Data are expressed as means ± SEM. Results were analyzed using Mann–Whitney tests, Wilcoxon matched pairs signed-rank test, paired or non-paired Student’s t-tests, and Kruskal–Wallis with Bonferroni post-hoc test. GraphPad Prism 9 software (GraphPad Software, La Jolla, CA, USA) was used for analyses. Values of p < 0.05 were considered statistically significant.

Results

Increased senescent cells are maintained in ALI bronchial epithelium from COPD

Increased levels of senescent cells have been reported in various cell types isolated from the COPD lung, with elevated levels of p16INK4a and p21WAF, increased senescence associate-beta-galactosidase staining, SASP release, and elevated DNA damage markers being seen (12, 2933). However, whether cellular senescence is detected and maintained in well-differentiated epithelium models is unknown. To assess this, we examined p16INK4a and p21WAF1 protein levels in non-smoker and COPD epithelium differentiated at air–liquid interface (ALI). COPD subject ALI cultures had significantly more p16INK4a protein expression than non-smokers, while p21WAF1 levels were not altered between groups (Figure 1A). Trends toward a decreased expression of Lamin B1 were also seen, but no evidence of increased levels of the DNA damage marker γH2AX was detected (Supplementary Figure 1). Next, we examined the inflammatory mediators released by these cells, examining the release of mediators apically from these cultures.

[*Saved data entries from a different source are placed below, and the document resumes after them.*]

definition valid_move :: "nat \<Rightarrow> nat \<Rightarrow> nat \<times> nat \<times> (nat \<Rightarrow> nat) \<Rightarrow> bool" where
  "valid_move k n m = (case m of (i, j, c) \<Rightarrow>
     i < n \<and> j < n \<and> i \<noteq> j \<and> (\<forall>l<n. l \<noteq> i \<and> l \<noteq> j \<longrightarrow> c l < k))"

definition apply_moves :: "nat \<Rightarrow> nat \<Rightarrow> (nat \<times> nat \<times> (nat \<Rightarrow> nat)) list \<Rightarrow> (nat \<Rightarrow> nat) \<Rightarrow> (nat \<Rightarrow> nat)" where
  "apply_moves k n ms = foldr (\<lambda>(i, j, c) f. f \<circ> move k n i j c) ms id"

definition combination :: "nat \<Rightarrow> nat \<Rightarrow> ((nat \<Rightarrow> nat) \<Rightarrow> (nat \<Rightarrow> nat)) \<Rightarrow> bool" where
  "combination k n g \<longleftrightarrow> (\<exists>ms. (\<forall>m\<in>set ms. valid_move k n m) \<and> g = apply_moves k n ms)"

definition Cset :: "nat \<Rightarrow> nat \<Rightarrow> nat \<Rightarrow> (nat \<Rightarrow> nat) set" where
  "Cset k n m = {p \<in> positions k n.
      card {i. i < n \<and> (p i = 0 \<or> p i = k - 1)} = m \<and>
      (\<forall>i<n. p i \<noteq> 0 \<and> p i \<noteq> k - 1 \<longrightarrow> p i = (k - 1) div 2)}"

end

theory Submission
  imports Defs "HOL-Combinatorics.Cycles"
begin

(* A move fixes every position off its plane {p. p l = c l for l \<notin> {i, j}} and acts on the
   plane as the quarter turn (a, b) \<mapsto> (k - 1 - b, a) of the two free coordinates.  Positions of
   the sets C_m have all coordinates in {0, h, k - 1}, h = (k - 1) / 2, so the plane meets them
   only if the fixed coordinates lie in this grid, and then only in the 3 x 3 grid of pairs (a, b).
   There the quarter turn fixes the centre (h, h) and cyclically permutes the four edge midpoints
   and the four corners.  If e fixed coordinates are extremal, the edge midpoints lie in C_(e+1)
   and the corners in C_(e+2); so a move is a 4-cycle, an odd permutation, on exactly two of the
   sets and the identity on all others, and the product of the signs is 1 for every move and hence
   for every combination. *)

lemma sign_cycle_of_list:
  "distinct cs \<Longrightarrow> sign (cycle_of_list cs) = (-1) ^ (length cs - 1)"
proof (induction cs rule: cycle_of_list.induct)
  case (1 a b cs)
  have "sign (cycle_of_list (a # b # cs)) = sign (transpose a b) * sign (cycle_of_list (b # cs))"
    by (simp only: cycle_of_list.simps sign_compose permutation_swap_id permutation_of_cycle)
  also have "\<dots> = (-1) ^ (length (a # b # cs) - 1)"
    using 1 by (simp add: sign_swap_id)
  finally show ?case .
qed simp_all

context
  fixes f :: "'a \<Rightarrow> 'a" and A :: "'a set" and cs :: "'a list"
  assumes distinct: "distinct cs" and subset: "set cs \<subseteq> A"
    and rotates: "map f cs = rotate1 cs" and fixes_rest: "\<And>x. x \<in> A - set cs \<Longrightarrow> f x = x"
begin

lemma eq_cycle_of_list_on: "x \<in> A \<Longrightarrow> f x = cycle_of_list cs x"
proof (cases "x \<in> set cs")
  case True
  have "map f cs = map (cycle_of_list cs) cs"
    using rotates cyclic_rotation[OF distinct, of 1] by simp
  with True show ?thesis by (simp add: map_eq_conv)
next
  case False
  then show "x \<in> A \<Longrightarrow> ?thesis" by (simp add: fixes_rest id_outside_supp)
qed

lemma cycle_of_list_permutes: "cycle_of_list cs permutes A"
  using cycle_permutes subset by (rule permutes_subset)

lemma bij_betw_if_rotates_cycle: "bij_betw f A A"
  using permutes_imp_bij[OF cycle_of_list_permutes] bij_betw_cong[of A f "cycle_of_list cs" A]
    eq_cycle_of_list_on by blast

lemma sign_on_if_rotates_cycle: "sign_on A f = (-1) ^ (length cs - 1)"
proof -
  have "sign_on A f = sign_on A (cycle_of_list cs)"
    by (rule sign_on_cong) (use eq_cycle_of_list_on in blast)+
  also have "\<dots> = sign (cycle_of_list cs)"
    by (rule sign_on_permutes[OF cycle_of_list_permutes order.refl])
  finally show ?thesis by (simp add: sign_cycle_of_list distinct)
qed
(* Let $\mathbf{k}$ be a field of characteristic zero, let $(C^\bullet,\partial)$ and $(\tilde C^\bullet,\tilde\partial)$ be complexes of finite-dimensional $\mathbf{k}$-vector spaces of the same odd length $d=2r-1$, and let $\Gamma$, $\tilde\Gamma$ be chirality operators on $C^\bullet$ and $\tilde C^\bullet$. Then $\hat\Gamma:=\Gamma\oplus\tilde\Gamma$ is a chirality operator on the direct sum complex $(C^\bullet\oplus\tilde C^\bullet,\partial\oplus\tilde\partial)$ and \[ \rho_{\hat\Gamma}=\mu_{H^\bullet(\partial),H^\bullet(\tilde\partial)}(\rho_\Gamma\otimes\rho_{\tilde\Gamma}), \] where $\operatorname{Det}(H^\bullet(\partial\oplus\tilde\partial))$ is identified with $\operatorname{Det}(H^\bullet(\partial)\oplus H^\bullet(\tilde\partial))$.
   Context: Determinant lines: $\operatorname{Det}(V)=\Lambda^{\dim V}V$, $\operatorname{Det}(0)=\mathbf{k}$, $L^{-1}=\operatorname{Hom}(L,\mathbf{k})$, $l^{-1}(l)=1$, $\operatorname{Det}(V^\bullet)=\bigotimes_j\operatorname{Det}(V^j)^{(-1)^j}$. Fusion $\mu_{V,W}:\operatorname{Det}(V)\otimes\operatorname{Det}(W)\to\operatorname{Det}(V\oplus W)$ concatenates wedges; $\mu^{-1}_{V,W}$ is the transpose of its inverse on dual lines; for graded spaces of length $d$, $\mu_{V^\bullet,W^\bullet}=(-1)^{\sum_{0\le k<j\le d}\dim V^j\dim W^k}\bigotimes_q\mu_{V^q,W^q}^{(-1)^q}$. The isomorphism $\phi_{C^\bullet}:\operatorname{Det}(C^\bullet)\to\operatorname{Det}(H^\bullet(\partial))$: choose $C^j=B^j\oplus H^j\oplus A^j$ with $B^j\oplus H^j=\operatorname{Ker}\partial\cap C^j$, $B^j=\partial(A^{j-1})=\partial(C^{j-1})$, $A^{-1}=A^d=0$; for nonzero $c_j\in\operatorname{Det}(C^j)$, $a_j\in\operatorname{Det}(A^j)$ ($a_{-1}=1$), $h_j\in\operatorname{Det}(H^j)\cong\operatorname{Det}(H^j(\partial))$ is unique with $c_j=\mu_{B^j,H^j,A^j}(\partial(a_{j-1})\otimes h_j\otimes a_j)$; $\phi_{C^\bullet}(c_0\otimes c_1^{-1}\otimes\cdots\otimes c_d^{(-1)^d})=(-1)^{\mathcal N}h_0\otimes\cdots\otimes h_d^{(-1)^d}$, $\mathcal N=\frac12\sum_j\dim A^j(\dim A^j+(-1)^{j+1})$. A chirality operator is an involution $\Gamma$ with $\Gamma(C^j)=C^{d-j}$. For nonzero $c_j\in\operatorname{Det}(C^j)$ ($0\le j\le r-1$), $c_\Gamma=(-1)^{\mathcal R(C^\bullet)}c_0\otimes c_1^{-1}\otimes\cdots\otimes c_{r-1}^{(-1)^{r-1}}\otimes(\Gamma c_{r-1})^{(-1)^r}\otimes\cdots\otimes(\Gamma c_0)^{-1}$ (the entry in degree $k$ has exponent $(-1)^k$), with $\mathcal R(C^\bullet)=\frac12\sum_{j=0}^{r-1}\dim C^j(\dim C^j+(-1)^{r+j})$; it is independent of the $c_j$. The refined torsion is $\rho_\Gamma=\phi_{C^\bullet}(c_\Gamma)$. *)

theory Defs
  imports "Jordan_Normal_Form.Determinant"
begin

text \<open>
A cochain complex of finite-dimensional k-vector spaces of length d is
C^j = k^(n j) (0 <= j <= d), with differentials given by matrices D j : k^(n j) -> k^(n (j+1))
for j < d (D j = 0 for j >= d by convention, C^(d+1) = 0).
\<close>

definition is_complex :: "(nat \<Rightarrow> nat) \<Rightarrow> (nat \<Rightarrow> 'a::field mat) \<Rightarrow> nat \<Rightarrow> bool" where
  "is_complex n D d \<longleftrightarrow>
     (\<forall>j<d. D j \<in> carrier_mat (n (Suc j)) (n j)) \<and>
     (\<forall>j. Suc j < d \<longrightarrow> D (Suc j) * D j = 0\<^sub>m (n (Suc (Suc j))) (n j))"

definition is_chirality :: "(nat \<Rightarrow> nat) \<Rightarrow> (nat \<Rightarrow> 'a::field mat) \<Rightarrow> nat \<Rightarrow> bool" where
  "is_chirality n Gam d \<longleftrightarrow>
     (\<forall>j\<le>d. Gam j \<in> carrier_mat (n (d - j)) (n j) \<and> Gam (d - j) * Gam j = 1\<^sub>m (n j))"

definition cocyc :: "(nat \<Rightarrow> nat) \<Rightarrow> (nat \<Rightarrow> 'a::field mat) \<Rightarrow> nat \<Rightarrow> nat \<Rightarrow> 'a vec set" where
  "cocyc n D d j = {x \<in> carrier_vec (n j). j \<ge> d \<or> D j *\<^sub>v x = 0\<^sub>v (n (Suc j))}"

definition cobound :: "(nat \<Rightarrow> nat) \<Rightarrow> (nat \<Rightarrow> 'a::field mat) \<Rightarrow> nat \<Rightarrow> 'a vec set" where
  "cobound n D j = (if j = 0 then {0\<^sub>v (n 0)}
                    else {D (j - 1) *\<^sub>v y | y. y \<in> carrier_vec (n (j - 1))})"

text \<open>
Elements of the determinant line Det(H^\<bullet>(\<partial>)) are represented by pairs (s, eta), where
eta j is a list of cocycles whose classes form an ordered basis of H^j(\<partial>) = Z^j/B^j;
the pair stands for  s * [eta 0] \<otimes> [eta 1]^(-1) \<otimes> ... \<otimes> [eta d]^((-1)^d),
[eta j] being the wedge product of the classes.
\<close>

definition cohom_basis :: "(nat \<Rightarrow> nat) \<Rightarrow> (nat \<Rightarrow> 'a::field mat) \<Rightarrow> nat \<Rightarrow> nat \<Rightarrow> 'a vec list \<Rightarrow> bool" where
  "cohom_basis n D d j e \<longleftrightarrow>
     set e \<subseteq> cocyc n D d j \<and>
     (\<forall>c \<in> carrier_vec (length e). mat_of_cols (n j) e *\<^sub>v c \<in> cobound n D j \<longrightarrow> c = 0\<^sub>v (length e)) \<and>
     (\<forall>x \<in> cocyc n D d j. \<exists>c \<in> carrier_vec (length e). x - mat_of_cols (n j) e *\<^sub>v c \<in> cobound n D j)"

definition detH_rep :: "(nat \<Rightarrow> nat) \<Rightarrow> (nat \<Rightarrow> 'a::field mat) \<Rightarrow> nat \<Rightarrow> 'a \<times> (nat \<Rightarrow> 'a vec list) \<Rightarrow> bool" where
  "detH_rep n D d p \<longleftrightarrow> (\<forall>j\<le>d. cohom_basis n D d j (snd p j))"

definition alt_pow :: "nat \<Rightarrow> 'a::field \<Rightarrow> 'a" where
  "alt_pow j x = (if even j then x else inverse x)"

text \<open>Equality of the represented elements of Det(H^\<bullet>(\<partial>)):
 if eta' j = M j eta j modulo B^j, then [eta' j] = det (M j) [eta j].\<close>

definition detH_eq :: "(nat \<Rightarrow> nat) \<Rightarrow> (nat \<Rightarrow> 'a::field mat) \<Rightarrow> nat \<Rightarrow>
     'a \<times> (nat \<Rightarrow> 'a vec list) \<Rightarrow> 'a \<times> (nat \<Rightarrow> 'a vec list) \<Rightarrow> bool" where
  "detH_eq n D d p q \<longleftrightarrow> detH_rep n D d p \<and> detH_rep n D d q \<and>
     (\<exists>M. (\<forall>j\<le>d. M j \<in> carrier_mat (length (snd p j)) (length (snd p j)) \<and>
              length (snd q j) = length (snd p j) \<and>
              (\<forall>i < length (snd p j).
                  snd q j ! i - mat_of_cols (n j) (snd p j) *\<^sub>v row (M j) i \<in> cobound n D j)) \<and>
          fst p = fst q * (\<Prod>j\<le>d. alt_pow j (det (M j))))"

text \<open>The data for \<phi>: a j is an ordered basis of A^j, eta j one of H^j, such that
  \<partial>(a (j-1)), eta j, a j together form an ordered basis of C^j, eta j \<subseteq> Ker, A^d = 0.\<close>

definition dprev :: "(nat \<Rightarrow> 'a::field mat) \<Rightarrow> (nat \<Rightarrow> 'a vec list) \<Rightarrow> nat \<Rightarrow> 'a vec list" where
  "dprev D a j = (if j = 0 then [] else map (\<lambda>v. D (j - 1) *\<^sub>v v) (a (j - 1)))"

definition phi_mat :: "(nat \<Rightarrow> nat) \<Rightarrow> (nat \<Rightarrow> 'a::field mat) \<Rightarrow> (nat \<Rightarrow> 'a vec list) \<Rightarrow> (nat \<Rightarrow> 'a vec list) \<Rightarrow> nat \<Rightarrow> 'a mat" where
  "phi_mat n D a eta j = mat_of_cols (n j) (dprev D a j @ eta j @ a j)"

definition phi_datum :: "(nat \<Rightarrow> nat) \<Rightarrow> (nat \<Rightarrow> 'a::field mat) \<Rightarrow> nat \<Rightarrow> (nat \<Rightarrow> 'a vec list) \<times> (nat \<Rightarrow> 'a vec list) \<Rightarrow> bool" where
  "phi_datum n D d ae \<longleftrightarrow>
     (\<forall>j\<le>d. set (fst ae j) \<subseteq> carrier_vec (n j) \<and> set (snd ae j) \<subseteq> cocyc n D d j \<and>
            length (dprev D (fst ae) j) + length (snd ae j) + length (fst ae j) = n j \<and>
            det (phi_mat n D (fst ae) (snd ae) j) \<noteq> 0) \<and>
     fst ae d = []"

text \<open>Refined torsion for d = 2r-1.  We take c_j = e_1 \<and> ... \<and> e_(n j) (standard basis) for j < r;
 then c_(d-j) := Gam c_j for the entries of degree >= r, i.e. c_k is the wedge of the columns
 of Gam (d-k).  With h_j = t_j [eta j], c_j = \<mu>(\<partial>a_(j-1) \<otimes> h_j \<otimes> a_j) gives
 t_j = det(c_j-columns) / det(phi_mat j).\<close>

definition c_mat :: "(nat \<Rightarrow> nat) \<Rightarrow> (nat \<Rightarrow> 'a::field mat) \<Rightarrow> nat \<Rightarrow> nat \<Rightarrow> 'a mat" where
  "c_mat n Gam r k = (if k < r then 1\<^sub>m (n k) else Gam (2 * r - 1 - k))"

definition N_exp :: "(nat \<Rightarrow> 'a vec list) \<Rightarrow> nat \<Rightarrow> nat" where
  "N_exp a d = (\<Sum>j\<le>d. let m = length (a j) in if even j then m * (m - 1) else m * (m + 1)) div 2"

definition R_exp :: "(nat \<Rightarrow> nat) \<Rightarrow> nat \<Rightarrow> nat" where
  "R_exp n r = (\<Sum>j<r. if even (r + j) then n j * (n j + 1) else n j * (n j - 1)) div 2"

definition rho_rep :: "(nat \<Rightarrow> nat) \<Rightarrow> (nat \<Rightarrow> 'a::field mat) \<Rightarrow> (nat \<Rightarrow> 'a mat) \<Rightarrow> nat \<Rightarrow>
     (nat \<Rightarrow> 'a vec list) \<times> (nat \<Rightarrow> 'a vec list) \<Rightarrow> 'a \<times> (nat \<Rightarrow> 'a vec list)" where
  "rho_rep n D Gam r ae =
     (let d = 2 * r - 1 in
      ((-1) ^ (R_exp n r + N_exp (fst ae) d) *
         (\<Prod>j\<le>d. alt_pow j (det (c_mat n Gam r j) / det (phi_mat n D (fst ae) (snd ae) j))),
       snd ae))"

definition rho :: "(nat \<Rightarrow> nat) \<Rightarrow> (nat \<Rightarrow> 'a::field mat) \<Rightarrow> (nat \<Rightarrow> 'a mat) \<Rightarrow> nat \<Rightarrow> 'a \<times> (nat \<Rightarrow> 'a vec list)" where
  "rho n D Gam r = rho_rep n D Gam r (SOME ae. phi_datum n D (2 * r - 1) ae)"

definition dsum_dim :: "(nat \<Rightarrow> nat) \<Rightarrow> (nat \<Rightarrow> nat) \<Rightarrow> nat \<Rightarrow> nat" where
  "dsum_dim n m j = n j + m j"

definition dsum_diff :: "(nat \<Rightarrow> nat) \<Rightarrow> (nat \<Rightarrow> nat) \<Rightarrow> (nat \<Rightarrow> 'a::field mat) \<Rightarrow> (nat \<Rightarrow> 'a mat) \<Rightarrow> nat \<Rightarrow> 'a mat" where
  "dsum_diff n m D E j = four_block_mat (D j) (0\<^sub>m (n (Suc j)) (m j)) (0\<^sub>m (m (Suc j)) (n j)) (E j)"

definition dsum_chir :: "(nat \<Rightarrow> nat) \<Rightarrow> (nat \<Rightarrow> nat) \<Rightarrow> nat \<Rightarrow> (nat \<Rightarrow> 'a::field mat) \<Rightarrow> (nat \<Rightarrow> 'a mat) \<Rightarrow> nat \<Rightarrow> 'a mat" where
  "dsum_chir n m d G H j = four_block_mat (G j) (0\<^sub>m (n (d - j)) (m j)) (0\<^sub>m (m (d - j)) (n j)) (H j)"

text \<open>Graded fusion \<mu>_(H(\<partial>),H(\<partial>~)) into Det(H^\<bullet>(\<partial>\<oplus>\<partial>~)), using the canonical identification
 H^j(\<partial>) \<oplus> H^j(\<partial>~) = H^j(\<partial>\<oplus>\<partial>~) (classes of x \<oplus> 0 and 0 \<oplus> y).\<close>

definition mu_H :: "(nat \<Rightarrow> nat) \<Rightarrow> (nat \<Rightarrow> nat) \<Rightarrow> nat \<Rightarrow>
     'a::field \<times> (nat \<Rightarrow> 'a vec list) \<Rightarrow> 'a \<times> (nat \<Rightarrow> 'a vec list) \<Rightarrow> 'a \<times> (nat \<Rightarrow> 'a vec list)" where
  "mu_H n m d p q =
     ((-1) ^ (\<Sum>j\<le>d. \<Sum>k<j. length (snd p j) * length (snd q k)) * fst p * fst q,
      \<lambda>j. map (\<lambda>v. v @\<^sub>v 0\<^sub>v (m j)) (snd p j) @ map (\<lambda>w. 0\<^sub>v (n j) @\<^sub>v w) (snd q j))"

end

(*
  The refined torsion is computed from a basis of each C^j adapted to a splitting
  C^j = B^j + H^j + A^j, where the basis of B^j is the image under the differential of the basis
  of A^(j-1).  The representative does not depend on the adapted basis: the change of basis
  matrix is block upper triangular, its B-block in degree j+1 equals its A-block in degree j,
  so these determinants telescope in the alternating product and only the change of the
  cohomology basis remains, which is exactly what detH_eq allows.

  For a direct sum, juxtaposing adapted bases of the two complexes gives an adapted basis of
  the sum.  Its determinant is the product of the two determinants up to the sign of
  regrouping the columns, and the chirality blocks are block diagonal.  A parity computation,
  which uses that a chirality operator forces dim C^(d-j) = dim C^j, identifies the remaining
  sign with the sign in the fusion map mu_H.
*)

theory Submission
  imports Defs
begin

subsection \<open>Matrices given by lists of columns\<close>

lemma sum_lessThan_add:
  "(\<Sum>j<a + b. f j) = (\<Sum>j<a. f j) + (\<Sum>j<b. f (a + j))" for f :: "nat \<Rightarrow> 'b::comm_monoid_add"
  by (induction b) (auto simp: add.assoc)

lemma mult_mat_vec_zero: "A \<in> carrier_mat k l \<Longrightarrow> A *\<^sub>v 0\<^sub>v l = (0\<^sub>v k :: 'a::field vec)"
  by (rule eq_vecI) auto

lemma zero_mult_mat_vec: "y \<in> carrier_vec l \<Longrightarrow> 0\<^sub>m k l *\<^sub>v y = (0\<^sub>v k :: 'a::field vec)"
  by (rule eq_vecI) auto

lemma mat_of_cols_mult_vec_nth:
  assumes "c \<in> carrier_vec (length L)" "i < n"
  shows "(mat_of_cols n L *\<^sub>v c) $ i = (\<Sum>j<length L. L ! j $ i * c $ j)"
  using assms by (auto simp: mat_of_cols_def scalar_prod_def row_def intro!: sum.cong)

lemma mat_of_cols_mult_vec_carrier [simp]: "mat_of_cols n L *\<^sub>v c \<in> carrier_vec n"
  by (simp add: carrier_vecI)

lemma mat_of_cols_append_mult_vec:
  assumes "c1 \<in> carrier_vec (length L1)" "c2 \<in> carrier_vec (length L2)"
  shows "mat_of_cols n (L1 @ L2) *\<^sub>v (c1 @\<^sub>v c2) = mat_of_cols n L1 *\<^sub>v c1 + mat_of_cols n L2 *\<^sub>v c2"
proof (rule eq_vecI)
  fix i assume "i < dim_vec (mat_of_cols n L1 *\<^sub>v c1 + mat_of_cols n L2 *\<^sub>v c2)"
  hence i: "i < n" by simp
  have "(mat_of_cols n (L1 @ L2) *\<^sub>v (c1 @\<^sub>v c2)) $ i
     = (\<Sum>j<length L1 + length L2. (L1 @ L2) ! j $ i * (c1 @\<^sub>v c2) $ j)"
    using mat_of_cols_mult_vec_nth[of "c1 @\<^sub>v c2" "L1 @ L2" i n] assms i by simp
  also have "\<dots> = (\<Sum>j<length L1. L1 ! j $ i * c1 $ j) + (\<Sum>j<length L2. L2 ! j $ i * c2 $ j)"
    using assms by (simp add: sum_lessThan_add nth_append)
  also have "\<dots> = (mat_of_cols n L1 *\<^sub>v c1 + mat_of_cols n L2 *\<^sub>v c2) $ i"
    using assms i by (simp add: mat_of_cols_mult_vec_nth del: index_mult_mat_vec)
  finally show "(mat_of_cols n (L1 @ L2) *\<^sub>v (c1 @\<^sub>v c2)) $ i
      = (mat_of_cols n L1 *\<^sub>v c1 + mat_of_cols n L2 *\<^sub>v c2) $ i" .
qed simp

CXCL-8 and CCL-5 trended to increased levels in the apical wash of cells from COPD subjects (Figures 1B,C). To fully understand the inflammatory profile of these cells and examine whether SASP factors were elevated, Olink® proteomics was performed on the apical wash of these cells. Of the 184 mediators examined, Galectin-3 (GAL3) and Interleukin 1 receptor, type I (IL-1RT1) (red in Figure 1D), were significantly elevated in the apical wash of the COPD subjects, while SPON1, TNSF13B, CD93, GP6, Notch3, SHSP-1, MPO, SCGB3A2, and PCSK9 (blue in Figure 1D) were significantly lower. Although not significant, many SASP factors trended toward an increase in IGFBP2, IGFBP7, PAI-1, uPA, IL-6, and MMP-2 in COPD ALI cultures (orange in Figure 1D), a full list of proteins examined and their log fold change and adjust p-values can be seen in Supplementary Table 1. These data suggest that a senescent phenotype is maintained in COPD airway epithelium during differentiation at ALI.

Figure 1
www.frontiersin.org

Figure 1. Elevated senescence markers are seen in well-differentiated airway epithelium of COPD subjects. (A) Representative Western blot image of p16INK4a and p21WAF1 from NS (n = 5) and COPD (n = 5) Mucilair™ human airway epithelium cultured at air–liquid interface (image is of 3 NS and 3 COPD). (B) CXCL8 and (C) CCL5 release from basal apical wash from NS (n = 3) and COPD (n = 3) Mucilair™ human airway epithelium cultured at air–liquid interface, 72 h post apical wash. (D) Volcano plot of the Olink proteomics data comparing the baseline apical wash from NS (n = 3) and COPD (n = 3) Mucilair™ human airway epithelium cultured at air–liquid interface, 72 h post apical wash. Data are means ± SEM and were analyzed by using the Mann–Whitney U-test; *p < 0.05.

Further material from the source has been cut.